By eventually doing what the EU is doing when there’s a clear hold out. But instead of carving it in stone, letting it expire in 5 to 10 years. i.e. exactly what my original comment said.
Outside wartime, being slow is an advantage. It means citizens can trust rules won’t be changed rapidly, increasing trust in the government. If properly taxes often change citizens wouldn’t know whether they can afford to buy a house, for example, or whether they be able to pay for their kids to go to school.
I think the EU is a great example of politics that’s slow, but not too slow, and not a nightmare. Yes, this took years, and the discussions probably weren’t all good, but the end result is decent, and that’s what counts.
USB-C is not the final form of charger ports. I’d rather the debate on the next evolution happen within industry, and maybe even play out competitively in the market. If a clear victor emerged and there’s another large, abusive hold out like Apple, then just pass a similar time-limited law.

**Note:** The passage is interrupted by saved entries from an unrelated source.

(* Under the assumptions and notation of the context, for every $t\in[0,T]$, $$\lim_{k\to\infty}h_k(t,X_t)=\mathfrak h(t,X_t)\quad\mathbb P\text{-a.s.},$$ and $$\frac{\mathbf 1_{\{X_0\in A_k\}}}{r_k}\frac{h_k(t,X_t)}{h_k(0,X_0)}\xrightarrow[k\to\infty]{}\frac{\mathfrak h(t,X_t)}{\mathfrak h(0,X_0)}\quad\text{in }L^1(\mathbb P).$$
   Context: Standing SBP assumptions: $\mathbb R$ strong Markov path measure on $D([0,T];\mathbb R^n)$ with transitions $P_{s,t}$; $\rho_0\ll\mathbb R_0$, $\rho_T\ll\mathbb R_T$; Schrödinger bridge $\hat{\mathbb P}=\mathfrak f(X_0)\mathfrak g(X_T)\mathbb R$ with $\mathfrak f,\mathfrak g\ge0$ measurable solving $\mathfrak f(x)\int\mathfrak g(y)P_{0,T}(x,dy)=\frac{d\rho_0}{d\mathbb R_0}(x)$ ($\mathbb R_0$-a.e.), $\mathfrak g(y)\mathbb E_{\mathbb R}[\mathfrak f(X_0)|X_T=y]=\frac{d\rho_T}{d\mathbb R_T}(y)$ ($\mathbb R_T$-a.e.). $S_0=\{d\rho_0/d\mathbb R_0=0\}$, $\mathbb P:=\mathbf 1_{S_0^c}(X_0)\frac{d\rho_0}{d\mathbb R_0}(X_0)\mathbb R$, $\mathfrak h(t,x)=\int\mathfrak g(y)P_{t,T}(x,dy)$. Assumption (A3) holds: for each $g\in C_c^\infty$, $\int g(y)P_{t,T}(x,dy)$ is of class $C^{1,2}$ on $[0,T]\times\mathbb R^n$ and solves $(\partial_t+L)h=0$ on $(0,T)\times\mathbb R^n$, $L$ being the jump-diffusion generator of $\mathbb R$. Construction: simple $g'_k\uparrow\mathfrak g$ with values in $[0,k]$; $g''_k\in C_b$, $g''_k\ge0$, $\mathbb R_T(g'_k\ne g''_k)\le k^{-3}$; compact $D_k$ with $\mathbb R_T(D_k^c)\le k^{-3}$; $g_k\in C_c^\infty$, $0\le g_k\le k$, $\sup_{D_k}|g_k-g''_k|\le k^{-2}$. $h_k(t,x)=\int g_k(y)P_{t,T}(x,dy)$, $A_k=\{h_k(0,\cdot)>0\}$, $r_k=\rho_0(A_k)$. *)

theory Defs
  imports "HOL-Probability.Probability"
begin

text \<open>Cadlag paths on [0,T]; outside [0,T] a path is normalised to 0 so that
  D([0,T];R^n) is represented faithfully as a set of total functions.\<close>

definition cadlag_on :: "real \<Rightarrow> (real \<Rightarrow> 'a::metric_space) \<Rightarrow> bool" where
  "cadlag_on T \<omega> \<longleftrightarrow>
     (\<forall>t\<in>{0..<T}. (\<omega> \<longlongrightarrow> \<omega> t) (at_right t)) \<and>
     (\<forall>t\<in>{0<..T}. \<exists>l. (\<omega> \<longlongrightarrow> l) (at_left t))"

definition Dpaths :: "real \<Rightarrow> (real \<Rightarrow> real^'n) set" where
  "Dpaths T = {\<omega>. cadlag_on T \<omega> \<and> (\<forall>t. t \<notin> {0..T} \<longrightarrow> \<omega> t = 0)}"

definition path_space :: "real \<Rightarrow> (real \<Rightarrow> real^'n) measure" where
  "path_space T = sigma (Dpaths T)
     {{\<omega>\<in>Dpaths T. \<omega> t \<in> B} | t B. t \<in> {0..T} \<and> B \<in> sets (borel :: (real^'n) measure)}"

definition nat_filt :: "(real \<Rightarrow> real^'n) measure \<Rightarrow> real \<Rightarrow> (real \<Rightarrow> real^'n) measure" where
  "nat_filt R t = sigma (space R)
     {{\<omega>\<in>space R. \<omega> s \<in> B} | s B. s \<in> {0..t} \<and> B \<in> sets (borel :: (real^'n) measure)}"

text \<open>R is strong Markov with transitions P: each P s t is a Markov (probability) kernel,
  jointly measurable in (s,x), and for every stopping time tau (natural filtration) with
  values in [0,T], every t in [0,T], every A in F_tau and every nonnegative Borel f,
  E_R[1_{A, tau<=t} f(X_t)] = E_R[1_{A, tau<=t} P_{tau,t} f (X_tau)].
  (R may be an unbounded positive measure, hence the nonnegative integrals.)\<close>

definition strong_markov_transitions ::
  "(real \<Rightarrow> real^'n) measure \<Rightarrow> real \<Rightarrow> (real \<Rightarrow> real \<Rightarrow> real^'n \<Rightarrow> (real^'n) measure) \<Rightarrow> bool" where
  "strong_markov_transitions R T P \<longleftrightarrow>
     (\<forall>s t. 0 \<le> s \<longrightarrow> s \<le> t \<longrightarrow> t \<le> T \<longrightarrow> P s t \<in> borel \<rightarrow>\<^sub>M prob_algebra borel) \<and>
     (\<forall>t\<in>{0..T}. (\<lambda>(s, x). P s t x)
          \<in> restrict_space (borel \<Otimes>\<^sub>M borel) ({0..t} \<times> UNIV) \<rightarrow>\<^sub>M prob_algebra borel) \<and>
     (\<forall>(\<tau> :: (real \<Rightarrow> real^'n) \<Rightarrow> real) t A (f :: real^'n \<Rightarrow> ennreal).
        stopping_time (nat_filt R) \<tau> \<longrightarrow> (\<forall>\<omega>\<in>space R. \<tau> \<omega> \<in> {0..T}) \<longrightarrow>
        t \<in> {0..T} \<longrightarrow> A \<in> sets (filtration.pre_sigma (space R) (nat_filt R) \<tau>) \<longrightarrow>
        f \<in> borel_measurable borel \<longrightarrow>
        (\<integral>\<^sup>+\<omega>. indicator {\<omega>\<in>A. \<tau> \<omega> \<le> t} \<omega> * f (\<omega> t) \<partial>R) =
        (\<integral>\<^sup>+\<omega>. indicator {\<omega>\<in>A. \<tau> \<omega> \<le> t} \<omega> * (\<integral>\<^sup>+y. f y \<partial>(P (\<tau> \<omega>) t (\<omega> (\<tau> \<omega>)))) \<partial>R))"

This is way too dismissive of the govs attitude, which is to reevaluate the situation every X years, and way too optimistic toward the industry, which couldn’t converge to anything without getting forced to do it. The “clear victor” only emerged because of the law passed.
For crying out loud, USB-C was created by Apple and look at the situation we’re still in.
It won because the legislative interfered. Apple just couldn't be bothered to play ball while it wasn't outright mandated, which is why we're now in this shitty situation.
And as mkbhd said a while ago, it's extremely unlikely that apple will introduce USB-C now as well. They'll likely pivot to wireless charging exclusively and get rid of all external connectors.